Example 13: the electronic device of embodiment 12, wherein the tunnel dielectric material of the second block exhibits a different material composition than the tunnel dielectric material of the first block.

Example 14: the electronic device of embodiments 12 and 13, wherein the charge blocking material, the storage nitride material, and the tunnel dielectric material are coextensive with a height of the level stack.

Embodiment 15. The electronic device of embodiments 12-14, wherein the channel material is coextensive with a height of the level stack.

Example 16: the electronic device of embodiments 12-15, wherein the one or more of the storage nitride material or the tunnel dielectric material of the second block exhibits a different material composition than the one or more of the storage nitride material or the tunnel dielectric material of the second block.

Embodiment 17. A method of forming an electronic device, comprising: forming a pillar opening in a stack including a first block and a second block laterally adjacent to the first block; forming a charge blocking material and a storage nitride material in the pillar openings of the first and second blocks; forming a mask material over the second block; removing a portion of the storage nitride material of the first block; removing the mask material from the second block; forming a tunnel dielectric material adjacent to the storage nitride material of the first and second blocks; forming channel material adjacent to the tunnel dielectric material of the first and second blocks; and forming a fill material between opposing portions of the channel material.

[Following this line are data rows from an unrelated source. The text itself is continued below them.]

(* Let $K$ be a finite field of characteristic $2$, let $P=\begin{pmatrix}1&1\\0&1\end{pmatrix}$, $Q=\begin{pmatrix}1&0\\1&1\end{pmatrix}\in M_2(K)$, and define on $K\times K$ (column vectors) the operation $x\cdot y:=Q^{-1}x+Py$. Then $(K\times K,\cdot)$ is an indecomposable and irretractable cycle set, and for every $(x_1,x_2)^T\in K\times K$, $$\langle (x_1,x_2)^T\rangle=\begin{cases}\{(x_1,x_2)^T\} & \text{if } x_1=x_2,\\ \{(x_1,x_2)^T,(x_1,x_1)^T,(x_2,x_2)^T,(x_2,x_1)^T\} & \text{if } x_1\neq x_2.\end{cases}$$
   Context: A cycle set is a non-empty set $X$ with one operation $\cdot$ such that each $\sigma_x:y\mapsto x\cdot y$ is bijective and $(x\cdot y)\cdot(x\cdot z)=(y\cdot x)\cdot(y\cdot z)$ for all $x,y,z$. A sub-cycle set is a subset that is a cycle set under the restricted operation; $\langle x\rangle$ is the smallest sub-cycle set containing $x$. $X$ is indecomposable if it admits no partition into two nonempty sub-cycle sets (for finite $X$, equivalently the group generated by all $\sigma_x$ acts transitively). The retraction $\mathrm{Ret}(X)$ is the quotient of $X$ by $x\sim y\iff\sigma_x=\sigma_y$ with induced operation; a finite cycle set $X$ is irretractable if its absolute retraction $\mathrm{Ret}^m(X)$ ($m$ smallest with $\mathrm{Ret}^m(X)\cong\mathrm{Ret}^{m+1}(X)$) is isomorphic to $X$. *)

theory Defs
  imports "HOL-Analysis.Analysis"
begin

definition cycle_set :: "'a set \<Rightarrow> ('a \<Rightarrow> 'a \<Rightarrow> 'a) \<Rightarrow> bool" where
  "cycle_set X op \<longleftrightarrow> X \<noteq> {}
     \<and> (\<forall>x\<in>X. bij_betw (op x) X X)
     \<and> (\<forall>x\<in>X. \<forall>y\<in>X. \<forall>z\<in>X. op (op x y) (op x z) = op (op y x) (op y z))"

definition sub_cycle_set :: "'a set \<Rightarrow> ('a \<Rightarrow> 'a \<Rightarrow> 'a) \<Rightarrow> 'a set \<Rightarrow> bool" where
  "sub_cycle_set X op Y \<longleftrightarrow> Y \<subseteq> X \<and> cycle_set Y op"

definition gen_sub :: "'a set \<Rightarrow> ('a \<Rightarrow> 'a \<Rightarrow> 'a) \<Rightarrow> 'a \<Rightarrow> 'a set" where
  "gen_sub X op x = \<Inter>{Y. sub_cycle_set X op Y \<and> x \<in> Y}"

definition indecomposable :: "'a set \<Rightarrow> ('a \<Rightarrow> 'a \<Rightarrow> 'a) \<Rightarrow> bool" where
  "indecomposable X op \<longleftrightarrow>
     \<not> (\<exists>Y Z. sub_cycle_set X op Y \<and> sub_cycle_set X op Z \<and> Y \<noteq> {} \<and> Z \<noteq> {}
              \<and> Y \<inter> Z = {} \<and> Y \<union> Z = X)"

definition cs_iso :: "'a set \<times> ('a \<Rightarrow> 'a \<Rightarrow> 'a) \<Rightarrow> 'b set \<times> ('b \<Rightarrow> 'b \<Rightarrow> 'b) \<Rightarrow> bool" where
  "cs_iso A B \<longleftrightarrow> (\<exists>f. bij_betw f (fst A) (fst B)
      \<and> (\<forall>x\<in>fst A. \<forall>y\<in>fst A. f (snd A x y) = snd B (f x) (f y)))"

text \<open>Retraction, realised on a set of chosen representatives of the classes of
  x ~ y iff sigma_x = sigma_y (isomorphic to the quotient cycle set).\<close>
definition ret_rep :: "'a set \<Rightarrow> ('a \<Rightarrow> 'a \<Rightarrow> 'a) \<Rightarrow> 'a \<Rightarrow> 'a" where
  "ret_rep X op x = (SOME y. y \<in> X \<and> (\<forall>z\<in>X. op y z = op x z))"

definition ret :: "'a set \<times> ('a \<Rightarrow> 'a \<Rightarrow> 'a) \<Rightarrow> 'a set \<times> ('a \<Rightarrow> 'a \<Rightarrow> 'a)" where
  "ret A = (ret_rep (fst A) (snd A) ` fst A, \<lambda>a b. ret_rep (fst A) (snd A) (snd A a b))"

definition irretractable :: "'a set \<Rightarrow> ('a \<Rightarrow> 'a \<Rightarrow> 'a) \<Rightarrow> bool" where
  "irretractable X op \<longleftrightarrow> finite X \<and>
     (let m = (LEAST m. cs_iso ((ret ^^ m) (X, op)) ((ret ^^ Suc m) (X, op)))
      in cs_iso ((ret ^^ m) (X, op)) (X, op))"

definition matP :: "'a::field^2^2" where
  "matP = vector [vector [1, 1], vector [0, 1]]"

definition matQ :: "'a::field^2^2" where
  "matQ = vector [vector [1, 0], vector [1, 1]]"

definition ex_op :: "'a::field^2 \<Rightarrow> 'a^2 \<Rightarrow> 'a^2" where
  "ex_op x y = matrix_inv matQ *v x + matP *v y"

end

theory Submission
  imports Defs
begin

text \<open>In characteristic 2 we have \<open>Q\<inverse> = Q\<close>, so \<open>x \<cdot> y = (x\<^sub>1 + y\<^sub>1 + y\<^sub>2, x\<^sub>1 + x\<^sub>2 + y\<^sub>2)\<close>
  and the cycle law is a coordinatewise identity. Since \<open>\<sigma>\<^sub>x(0) = Q x\<close>, the map \<open>x \<mapsto> \<sigma>\<^sub>x\<close> is
  injective, so the retraction is trivial. For fixed \<open>y\<close>, also \<open>x \<mapsto> x \<cdot> y\<close> is bijective; hence
  any \<open>z\<close> is of the form \<open>x \<cdot> y\<close>, and a decomposition \<open>Y \<union> Z\<close> with \<open>y \<in> Y\<close>, \<open>z \<in> Z\<close> is
  impossible whichever part contains \<open>x\<close>. Finally, a sum of three elements of \<open>{x\<^sub>1, x\<^sub>2}\<close> lies
  in \<open>{x\<^sub>1, x\<^sub>2}\<close>, so the four vectors with coordinates in \<open>{x\<^sub>1, x\<^sub>2}\<close> form a sub-cycle set,
  and each of them is obtained from \<open>x\<close> by at most two multiplications.\<close>

lemma sub_cycle_set_op_closed:
  assumes "sub_cycle_set X op Y" "a \<in> Y" "b \<in> Y"
  shows "op a b \<in> Y"
  using assms unfolding sub_cycle_set_def cycle_set_def by (meson bij_betwE)

lemma sub_cycle_setI:
  assumes X: "cycle_set X op" and "S \<subseteq> X" "finite S" "S \<noteq> {}"
    and closed: "\<And>a b. a \<in> S \<Longrightarrow> b \<in> S \<Longrightarrow> op a b \<in> S"
  shows "sub_cycle_set X op S"
  unfolding sub_cycle_set_def cycle_set_def
proof (intro conjI ballI)
  fix a assume "a \<in> S"
  have "inj_on (op a) S"
    using X \<open>a \<in> S\<close> \<open>S \<subseteq> X\<close> unfolding cycle_set_def by (meson bij_betw_imp_inj_on inj_on_subset subsetD)
  moreover have "op a ` S = S"
    using \<open>finite S\<close> closed \<open>a \<in> S\<close> \<open>inj_on (op a) S\<close> by (intro endo_inj_surj) auto
  ultimately show "bij_betw (op a) S S"
    unfolding bij_betw_def by blast
next
  fix a b c assume "a \<in> S" "b \<in> S" "c \<in> S"
  then show "op (op a b) (op a c) = op (op b a) (op b c)"
    using X \<open>S \<subseteq> X\<close> unfolding cycle_set_def by blast
qed (use assms in auto)

lemma gen_sub_eqI:
  assumes "sub_cycle_set X op S" "x \<in> S"
    and "\<And>Y. sub_cycle_set X op Y \<Longrightarrow> x \<in> Y \<Longrightarrow> S \<subseteq> Y"
  shows "gen_sub X op x = S"
  unfolding gen_sub_def using assms by blast

lemma indecomposableI:
  assumes X: "cycle_set X op"
    and solvable: "\<And>y z. y \<in> X \<Longrightarrow> z \<in> X \<Longrightarrow> \<exists>x\<in>X. op x y = z"
  shows "indecomposable X op"
  unfolding indecomposable_def
proof (rule notI, elim exE conjE)
  fix Y Z
  assume Y: "sub_cycle_set X op Y" and Z: "sub_cycle_set X op Z"
    and "Y \<noteq> {}" "Z \<noteq> {}" and disj: "Y \<inter> Z = {}" and un: "Y \<union> Z = X"
  obtain y z where "y \<in> Y" "z \<in> Z"
    using \<open>Y \<noteq> {}\<close> \<open>Z \<noteq> {}\<close> by blast
  then obtain x where "x \<in> X" and xyz: "op x y = z"
    using solvable un by blast
  show False
  proof (cases "x \<in> Y")
    case True
    then show False
      using sub_cycle_set_op_closed[OF Y True \<open>y \<in> Y\<close>] xyz \<open>z \<in> Z\<close> disj by blast
  next
    case False
    then have "x \<in> Z"
      using \<open>x \<in> X\<close> un by blast
    then obtain z' where "z' \<in> Z" "op x z' = z"
      using Z \<open>z \<in> Z\<close> unfolding sub_cycle_set_def cycle_set_def by (metis bij_betw_imp_surj_on imageE)
    moreover have "inj_on (op x) X"
      using X \<open>x \<in> X\<close> unfolding cycle_set_def by (metis bij_betw_def)
    ultimately have "z' = y"
      using xyz \<open>y \<in> Y\<close> un by (metis UnCI inj_on_contraD)
    then show False
      using \<open>z' \<in> Z\<close> \<open>y \<in> Y\<close> disj by blast
  qed
qed

lemma ret_rep_eq_self:
  assumes "x \<in> X" and "\<And>y. y \<in> X \<Longrightarrow> \<forall>z\<in>X. op y z = op x z \<Longrightarrow> y = x"
  shows "ret_rep X op x = x"
  unfolding ret_rep_def using assms by (intro some_equality) auto

text \<open>With \<open>m = 0\<close> in the definition of irretractability, it suffices that \<open>X\<close> is isomorphic to
  its retraction.\<close>
lemma irretractableI:
  assumes "finite X"
    and sigma_inj: "\<And>x y. x \<in> X \<Longrightarrow> y \<in> X \<Longrightarrow> \<forall>z\<in>X. op x z = op y z \<Longrightarrow> x = y"
  shows "irretractable X op"
proof -
  have rep: "ret_rep X op x = x" if "x \<in> X" for x
    using that sigma_inj by (intro ret_rep_eq_self) auto
  have "bij_betw (ret_rep X op) X (ret_rep X op ` X)"
    using rep by (simp add: bij_betw_def inj_on_def)
  then have "cs_iso (X, op) (ret (X, op))"
    unfolding cs_iso_def ret_def using rep by auto
  then have "(LEAST m. cs_iso ((ret ^^ m) (X, op)) ((ret ^^ Suc m) (X, op))) = 0"
    by simp
  moreover have "cs_iso (X, op) (X, op)"
    unfolding cs_iso_def by (metis bij_betw_id fst_conv id_apply snd_conv)
  ultimately show ?thesis
    unfolding irretractable_def using \<open>finite X\<close> by simp
qed

lemma CHAR_2_add_self:
  assumes "CHAR('a::ring_1) = 2"
  shows "(x::'a) + x = 0"
  by (metis assms uminus_CHAR_2 add.right_inverse)

lemma vec2_eq_iff: "(v::'a^2) = w \<longleftrightarrow> v$1 = w$1 \<and> v$2 = w$2"
  by (simp add: vec_eq_iff forall_2)

lemma matrix_inv_matQ:
  assumes "CHAR('a::field) = 2"
  shows "matrix_inv (matQ::'a^2^2) = matQ"
proof -
  have QQ: "(matQ::'a^2^2) ** matQ = mat 1"
    by (simp add: matQ_def vec2_eq_iff matrix_matrix_mult_def sum_2 mat_def CHAR_2_add_self[OF assms])
  let ?Q = "matQ :: 'a^2^2"
  have "?Q ** matrix_inv ?Q = mat 1 \<and> matrix_inv ?Q ** ?Q = mat 1"
    unfolding matrix_inv_def by (rule someI[of _ ?Q]) (simp add: QQ)
  then show ?thesis
    by (metis QQ matrix_mul_assoc matrix_mul_rid matrix_mul_lid)
qed

context
  assumes char_2: "CHAR('a::field) = 2"
begin

lemma ex_op_nth:
  "(ex_op x y :: 'a^2) $ 1 = x$1 + y$1 + y$2"
  "(ex_op x y :: 'a^2) $ 2 = x$1 + x$2 + y$2"
  unfolding ex_op_def matrix_inv_matQ[OF char_2]
  by (simp_all add: matrix_vector_mult_def sum_2 matQ_def matP_def)

lemma add_self_cancel: "(x::'a) + (x + y) = y"
  by (metis add.assoc add_0 CHAR_2_add_self[OF char_2])

lemmas ex_op_simps = vec2_eq_iff ex_op_nth add_ac CHAR_2_add_self[OF char_2] add_self_cancel

lemma ex_op_cycle: "ex_op (ex_op x y) (ex_op x z) = ex_op (ex_op y x) (ex_op (y::'a^2) z)"
  by (simp add: ex_op_simps)

lemma bij_ex_op: "bij (ex_op (x::'a^2))"
proof (rule bij_betwI')
  fix w :: "'a^2"
  let ?y = "vector [w$1 - x$1 - (w$2 - x$1 - x$2), w$2 - x$1 - x$2] :: 'a^2"
  have "w = ex_op x ?y"
    by (simp add: vec2_eq_iff ex_op_nth)
  then show "\<exists>y\<in>UNIV. w = ex_op x y"
    by blast
qed (auto simp: vec2_eq_iff ex_op_nth)

lemma ex_op_left_solvable: "\<exists>x::'a^2. ex_op x y = z"
proof -
  let ?x = "vector [z$1 - y$1 - y$2, z$2 - y$2 - (z$1 - y$1 - y$2)] :: 'a^2"
  have "ex_op ?x y = z"
    by (simp add: vec2_eq_iff ex_op_nth)
  then show ?thesis
    by blast
qed

lemma cycle_set_ex_op: "cycle_set (UNIV :: ('a^2) set) ex_op"
  unfolding cycle_set_def using bij_ex_op ex_op_cycle by auto

lemma ex_op_sigma_inj:
  assumes "\<forall>z. ex_op x z = ex_op y (z::'a^2)"
  shows "x = y"
proof -
  have "ex_op x 0 = ex_op y 0"
    using assms by blast
  then show ?thesis
    by (auto simp: vec2_eq_iff ex_op_nth)
qed

lemma gen_sub_ex_op:
  fixes x :: "'a^2"
  defines "p \<equiv> x$1" and "q \<equiv> x$2"
  shows "gen_sub UNIV ex_op x = {x, vector [p, p], vector [q, q], vector [q, p]}"
    (is "_ = ?S")
proof (rule gen_sub_eqI)
  have S: "?S = {v. v$1 \<in> {p, q} \<and> v$2 \<in> {p, q}}"
    unfolding p_def q_def by (auto simp: vec2_eq_iff)
  have sum3: "u + v + w \<in> {p, q}" if "u \<in> {p, q}" "v \<in> {p, q}" "w \<in> {p, q}" for u v w :: 'a
    using that by (auto simp: add_ac CHAR_2_add_self[OF char_2] add_self_cancel)
  have "ex_op a b \<in> ?S" if "a \<in> ?S" "b \<in> ?S" for a b
    using that sum3 unfolding S by (simp add: ex_op_nth)
  then show "sub_cycle_set UNIV ex_op ?S"
    by (intro sub_cycle_setI cycle_set_ex_op) auto
  show "x \<in> ?S"
    by simp
next
  fix Y assume Y: "sub_cycle_set UNIV ex_op Y" and "x \<in> Y"
  have qp: "vector [q, p] = ex_op x x"
    and qq: "vector [q, q] = ex_op x (vector [q, p])"
    and pp: "vector [p, p] = ex_op (vector [q, p]) x"
    by (simp_all add: p_def q_def ex_op_simps)
  have "vector [q, p] \<in> Y"
    unfolding qp by (rule sub_cycle_set_op_closed[OF Y \<open>x \<in> Y\<close> \<open>x \<in> Y\<close>])
  moreover have "vector [q, q] \<in> Y" "vector [p, p] \<in> Y"
    unfolding qq pp using Y \<open>x \<in> Y\<close> calculation by (auto intro: sub_cycle_set_op_closed)
  ultimately show "?S \<subseteq> Y"
    using \<open>x \<in> Y\<close> by simp
qed

end

theorem mainTheorem9:
  assumes "CHAR('a::{field,finite}) = 2"
  shows "cycle_set (UNIV :: ('a^2) set) ex_op
       \<and> indecomposable (UNIV :: ('a^2) set) ex_op
       \<and> irretractable (UNIV :: ('a^2) set) ex_op
       \<and> (\<forall>x :: 'a^2. gen_sub UNIV ex_op x =
            (if x$1 = x$2 then {x}
             else {x, vector [x$1, x$1], vector [x$2, x$2], vector [x$2, x$1]}))"
proof (intro conjI allI)
  show "cycle_set (UNIV :: ('a^2) set) ex_op"
    using cycle_set_ex_op[OF assms] .
  then show "indecomposable (UNIV :: ('a^2) set) ex_op"
    using ex_op_left_solvable[OF assms] by (intro indecomposableI) auto
  show "irretractable (UNIV :: ('a^2) set) ex_op"
    using ex_op_sigma_inj[OF assms] by (intro irretractableI) auto
  show "gen_sub UNIV ex_op x =
      (if x$1 = x$2 then {x} else {x, vector [x$1, x$1], vector [x$2, x$2], vector [x$2, x$1]})"
    for x :: "'a^2"
  proof -
    have "{x, vector [x$1, x$1], vector [x$2, x$2], vector [x$2, x$1]} = {x}" if "x$1 = x$2"
      using that by (auto simp: vec2_eq_iff)
    then show ?thesis
      using gen_sub_ex_op[OF assms] by simp
  qed
qed

end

Embodiment 18 the method of embodiment 17 wherein forming a charge blocking material and a storage nitride material in the pillar openings comprises forming the charge blocking material conformally on sidewalls of the stacks and forming the storage nitride material conformally on the sidewalls of the charge blocking material.

Embodiment 19. The method of embodiment 17 or embodiment 18, wherein forming a mask material over the second block comprises forming the mask material over the second block without forming the mask material over the first block.

Embodiment 20 the method of embodiments 17-19, wherein removing a portion of the storage nitride material of the first block comprises reducing a thickness of the storage nitride material of the first block without reducing a thickness of the storage nitride material of the second block.

Embodiment 21 the method of embodiments 17-20, wherein removing a portion of the storage nitride material of the first block comprises removing about 1nm to about 4nm of the storage nitride material from the first block.

Embodiment 22. A method of forming an electronic device, comprising: forming a pillar opening in a stack including a first block and a second block laterally adjacent to the first block; forming a charge blocking material, a storage nitride material, and a tunnel dielectric material in the pillar openings of the first and second blocks; oxidizing a portion of the tunnel dielectric material to form an oxidized portion of the tunnel dielectric material in the first and second blocks; forming a mask material over the second block; removing a portion of the oxidized portion of the tunnel dielectric material from the first block; forming channel material adjacent to the tunnel dielectric material of the first and second blocks; and forming a fill material between opposing portions of the channel material.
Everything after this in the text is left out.